Our machine has analyzed the candidate’s words and phrases literally but haven’t stabbed any of the deeper, subtler structure of their discourse. Does Trump tend to end his sentences with a punch? How well does the syllable count predict the speaker? Does Hillary really speak in Iambic Pentameter?

I won’t answer any of these questions [perhaps you can], but we’ll run through the results of a model trained on deeper, more latent features.

Part of Speech Structure

I trained a Logistic Regression model that used the Part of Speech tags as input, instead of the words.
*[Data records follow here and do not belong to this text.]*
lemma flat_transfers_preserve_constraint:
  fixes u X \<theta> tw tl \<alpha> \<beta> :: real
  assumes "u \<le> - tl + (\<theta> - tw + tl) * X" "0 \<le> X" "0 \<le> \<alpha>" "\<alpha> \<le> \<beta>" "\<theta> - tw < - tl"
  shows "\<alpha> * (\<theta> - u) - \<beta> * (- u) \<le> \<alpha> * tw - \<beta> * tl"
proof -
  have "\<alpha> * (\<theta> - u) - \<beta> * (- u) = \<alpha> * \<theta> + (\<beta> - \<alpha>) * u"
    by (simp add: algebra_simps)
  also have "\<dots> \<le> \<alpha> * \<theta> + (\<beta> - \<alpha>) * (- tl + (\<theta> - tw + tl) * X)"
    using assms(1,4) by (simp add: mult_left_mono)
  also have "\<dots> = \<alpha> * tw - \<beta> * tl + (\<theta> - tw + tl) * (\<alpha> + (\<beta> - \<alpha>) * X)"
    by (simp add: algebra_simps)
  also have "\<dots> \<le> \<alpha> * tw - \<beta> * tl"
    using assms(2-5) by (simp add: mult_nonpos_nonneg)
  finally show ?thesis .
qed

theorem lemma3:
  fixes lo hi \<eta> \<alpha> \<beta> K \<theta> tw tl :: real
    and D :: "real measure \<Rightarrow> real measure \<Rightarrow> ennreal"
    and P :: "real measure"
    and x :: "nat \<Rightarrow> real \<Rightarrow> real \<Rightarrow> real"
    and i :: nat
  assumes Theta: "0 < lo" "lo < hi"
    and D: "assumption_D {lo..hi} D"
    and P: "prob_on {lo..hi} (sets (borelT {lo..hi})) P" "atomless P"
    and eta: "\<eta> > 0"
    and alloc: "allocation_rule {lo..hi} x"
    and X: "assumption_X {lo..hi} hi D P \<eta> x"
    and T: "0 \<le> \<alpha>" "\<alpha> \<le> \<beta>" "\<beta> \<le> 1" "0 \<le> K"
    and i: "i \<in> {1, 2}"
    and \<theta>: "\<theta> \<in> {lo..hi}" "0 < Xint P x i \<theta>" "Xint P x i \<theta> < 1"
    and tbar: "\<alpha> * tw - \<beta> * tl \<le> K" "\<theta> - tw < - tl"
  shows "\<exists>tw' tl' :: real.
     revenue P (\<lambda>t'. tw' * x i \<theta> t' + tl' * (1 - x i \<theta> t'))
       \<ge> revenue P (\<lambda>t'. tw * x i \<theta> t' + tl * (1 - x i \<theta> t'))
   \<and> Umin {lo..hi} D P \<eta> x i \<theta> (\<lambda>t'. tw' * x i \<theta> t' + tl' * (1 - x i \<theta> t'))
       = Umin {lo..hi} D P \<eta> x i \<theta> (\<lambda>t'. tw * x i \<theta> t' + tl * (1 - x i \<theta> t'))
   \<and> \<alpha> * tw' - \<beta> * tl' \<le> K
   \<and> \<theta> - tw' = - tl'"
proof -
  define u where "u = Umin {lo..hi} D P \<eta> x i \<theta> (\<lambda>t'. tw * x i \<theta> t' + tl * (1 - x i \<theta> t'))"
  obtain B where meas: "x i \<theta> \<in> borel_measurable (borelT {lo..hi})"
    and bound: "\<forall>t'\<in>{lo..hi}. \<bar>x i \<theta> t'\<bar> \<le> B"
    using allocation_rule_section[OF alloc i \<theta>(1)] by blast
  have PQ: "P \<in> Qset {lo..hi} D P \<eta>"
    using reference_in_Qset[OF D P(1)] eta by simp
  note revenue = revenue_two_part[of P x i \<theta>, OF Qset_prob_space[OF PQ]
    Qset_integrable_bounded(1)[OF PQ meas bound]]
  have u_le: "u \<le> - tl + (\<theta> - tw + tl) * Xint P x i \<theta>"
    unfolding u_def by (rule Umin_two_part_le[where x = x and i = i and t = \<theta>, OF PQ meas bound])
  have flat: "(\<lambda>t'. (\<theta> - u) * x i \<theta> t' + (- u) * (1 - x i \<theta> t')) = (\<lambda>t'. \<theta> * x i \<theta> t' - u)"
    by (simp add: algebra_simps)
  show ?thesis
    unfolding u_def[symmetric]
  proof (intro exI conjI)
    show "revenue P (\<lambda>t'. (\<theta> - u) * x i \<theta> t' + (- u) * (1 - x i \<theta> t'))
      \<ge> revenue P (\<lambda>t'. tw * x i \<theta> t' + tl * (1 - x i \<theta> t'))"
      using u_le unfolding revenue by (simp add: algebra_simps)
    show "Umin {lo..hi} D P \<eta> x i \<theta> (\<lambda>t'. (\<theta> - u) * x i \<theta> t' + (- u) * (1 - x i \<theta> t')) = u"
      unfolding flat using PQ by (intro Umin_flat_utility) blast
    show "\<alpha> * (\<theta> - u) - \<beta> * (- u) \<le> K"
      using flat_transfers_preserve_constraint[OF u_le _ T(1,2) tbar(2)] \<theta>(2) tbar(1) by simp
  qed simp
qed

end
Here’s an example of what that would look like.

Original Sentence:

Let’s have a big win in Nevada.

Part of Speech Equivalent:

NN(Noun) POS(Possessive) VBP(Verb) DT(Determiner) JJ(Adjective) NN(Noun) IN(Preposition) NNP(Proper Noun)

By feeding the model an abstract, latent representation of the sentence, we can learn that phrases like “We’re going” and “We’re beating” are similar because they both equate to “PRP(Personal Pronoun) VBP(Verb) VBG(Gerund)”. This is drawing on shared representations between samples which can help the model learn all sorts of useful things.

Here are some of Trump’s and Clinton’s most predictive POS (Part of speech) phrases, learned by the machine, along with one or two examples of it’s use.

Clinton’s most characteristic POS phrases

NN(Noun) NN(Noun)

My first job out of law school was for the Children’s Defense Fund.

NN(Noun) TO(to)

Using additional fees and royalties from fossil fuel extraction to protect the environment.

If necessary, I will support a constitutional amendment to undo the Supreme Court’s decision in Citizens United.

CC(Coordinating Conjunction) JJ(Adjective)

And how fortunate we are, indeed, to live in the most diverse, dynamic and beautiful state in the entire union.

Trump’s most characteristic POS Phrases

PRP(Personal Pronoun) VBP(Verb Present)

They tell me that.

I love you all.

VBP(Verb Present) VBG(Verb Present Participle)

We’re bringing our jobs back, folks.

We’re fighting ISIS, but ISIS wants to overturn the government.

VBG(Verb Present Participle) TO(To)

And that’s going to happen.

My two cents

While the results of the model were on par with those trained on literal words, analyzing features that are based on latent structure becomes very complex and hand-wavy. Rather, the important features fuel me with more questions. How can chunking help our model? What are all the present participle Trump uses?

Basically, I start viewing my model as a hungry puppy, and start thinking of ways to feed it and grow it.